Slow Collection 2019 ©tinekhome.dk1
Toteme.Biot.Sandals ©EllenBeekmans

Des meubles iconiques de la vannerie – du Bauhaus et des modernes

De même, les designers du moderne ont misé au début du siècle dernier sur un ancien artisanat pour leurs meubles. La chaise cantilever en tube d’acier de Marcel Breuer avec vannerie est considérée comme un best-seller du design Bauhaus. L’architecte Charlotte Perriand a conçu le tabouret Méribel et la chaise Mid-Century Méribel en vannerie. Mais l’enthousiasme des modernes pour l’ancien art artisanal s’explique facilement. Il suivait le principe «form follows function» sur lequel se fonde toutes les techniques de vannerie naturelles. Les designers du moderne scandinave Alvar Aalto ou Hans Wegner ont fabriqué des icônes inoubliables de la vannerie du design danois. Pour l’assise tressée à la main de la chaise CH24 de 1949, Hans Wegner nécessitait 120 mètres de cordelettes en papier. Ils ont développé de nouvelles matières comme de larges courroies en lin ou des ficelles de papier «Danish Paper Card», tandis que dans le sud on tresse les assises des chaises avec des algues. La prochaine matière qui va faire son come-back, c’est très certainement la tresse de ficelle papier.

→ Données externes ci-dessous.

lemma prod_poch_ratio_split:
  assumes sorted: "sorted_wrt (>) ns" and len: "length ns \<le> r"
  shows "(\<Prod>j<length ns. poch_ratio (a + 1) (r - 1) (ns ! j)) =
    (\<Prod>i=1..split_index ns (int r - 1) - 1. pochhammer (a + real r) (ns ! (i - 1) + 1 - r)) /
    (\<Prod>i=split_index ns (int r - 1)..length ns.
        pochhammer (a + 1 + real (ns ! (i - 1))) (r - 1 - ns ! (i - 1)))"
proof (cases "ns = []")
  case True
  have "split_index ns (int r - 1) = 1"
    unfolding split_index_def True by (rule Least_equality) auto
  then show ?thesis using True by simp
next
  case False
  then have r: "r \<ge> 1" using len by (cases ns) auto
  define s where "s = split_index ns (int r - 1)"
  have s: "1 \<le> s" "s \<le> length ns + 1"
    and below_s: "\<And>i. i \<in> {1..length ns} \<Longrightarrow> i < s \<longleftrightarrow> r - 1 \<le> ns ! (i - 1)"
    using split_index_characterization[OF sorted, where t="int r - 1"] r unfolding s_def by auto
  have "(\<Prod>j<length ns. poch_ratio (a + 1) (r - 1) (ns ! j)) =
      (\<Prod>i=1..length ns. poch_ratio (a + 1) (r - 1) (ns ! (i - 1)))"
    by (simp add: prod.atLeast1_atMost_eq)
  also have "\<dots> = (\<Prod>i=1..s-1. poch_ratio (a + 1) (r - 1) (ns ! (i - 1))) *
      (\<Prod>i=s..length ns. poch_ratio (a + 1) (r - 1) (ns ! (i - 1)))"
    using s by (subst prod.union_disjoint[symmetric]) (auto intro!: prod.cong)
  also have "(\<Prod>i=1..s-1. poch_ratio (a + 1) (r - 1) (ns ! (i - 1))) =
       (\<Prod>i=1..s-1. pochhammer (a + real r) (ns ! (i - 1) + 1 - r))"
  proof (rule prod.cong[OF refl])
    fix i assume "i \<in> {1..s-1}"
    then have "i \<in> {1..length ns}" "i < s" using s by auto
    then have "r - 1 \<le> ns ! (i - 1)" using below_s by blast
    moreover have "a + 1 + real (r - 1) = a + real r" using r by (simp add: of_nat_diff)
    ultimately show "poch_ratio (a + 1) (r - 1) (ns ! (i - 1)) = pochhammer (a + real r) (ns ! (i - 1) + 1 - r)"
      by (simp add: poch_ratio_def)
  qed
  also have "(\<Prod>i=s..length ns. poch_ratio (a + 1) (r - 1) (ns ! (i - 1))) =
       (\<Prod>i=s..length ns. 1 / pochhammer (a + 1 + real (ns ! (i - 1))) (r - 1 - ns ! (i - 1)))"
  proof (rule prod.cong[OF refl])
    fix i assume "i \<in> {s..length ns}"
    then have "i \<in> {1..length ns}" "\<not> i < s" using s by auto
    then have "\<not> r - 1 \<le> ns ! (i - 1)" using below_s by blast
    then show "poch_ratio (a + 1) (r - 1) (ns ! (i - 1)) =
        1 / pochhammer (a + 1 + real (ns ! (i - 1))) (r - 1 - ns ! (i - 1))"
      by (simp add: poch_ratio_def)
  qed
  finally show ?thesis
    unfolding s_def by (simp add: prod_dividef)
qed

Architecture – œuvres d’art tressées

Les surfaces tressées ont aussi un potentiel dans l’architecture, car la vannerie représente le plus sobre de tous les principes de construction. En 2008 déjà, de premiers signes précurseurs de cette nouvelle tendance se découvraient dans l’architecture. Souvenons-nous du stade vertigineux «Bird’s Nest» par Herzog & de Meuron pour les Jeux olympiques de Pékin. Il a été suivi en 2010 par le flagship store Hermès à Paris, rue de Sèvres. Dans une salle de bain art déco classée datant des années 1920, figurent trois pièces de vannerie en forme de panier, impressionnantes et praticables, en lattes de bois et à la forme de base ovale aplatie, qui s’effilent vers le haut. Elles évoquent les premières huttes ou wigwams et impressionnent par leurs 8 mètres de hauteur et leur diamètre de 8-12 mètres. Le toit tressé de l’architecte Shigeru Ban pour le Centre Pompidou à Metz révèle lui aussi l’amour nouvellement manifesté pour la vannerie. Mais la nature nous l’a déjà montré. Avec des brins, les oiseaux tisserands construisent leurs nids comme de véritables œuvres d’art dans toutes les variations, depuis les nids au sol jusqu’aux nids suspendus, ronds ou avec un trou d’entrée latéral. Rien n’est trop compliqué pour l’élevage en sécurité de leur progéniture.

Peut-être le nouvel enthousiasme pour la vannerie est-il aussi un symbole du nouveau besoin d’un réseau, qui devient toujours plus essentiel pour chacun d’entre nous dans ce monde global et fluide!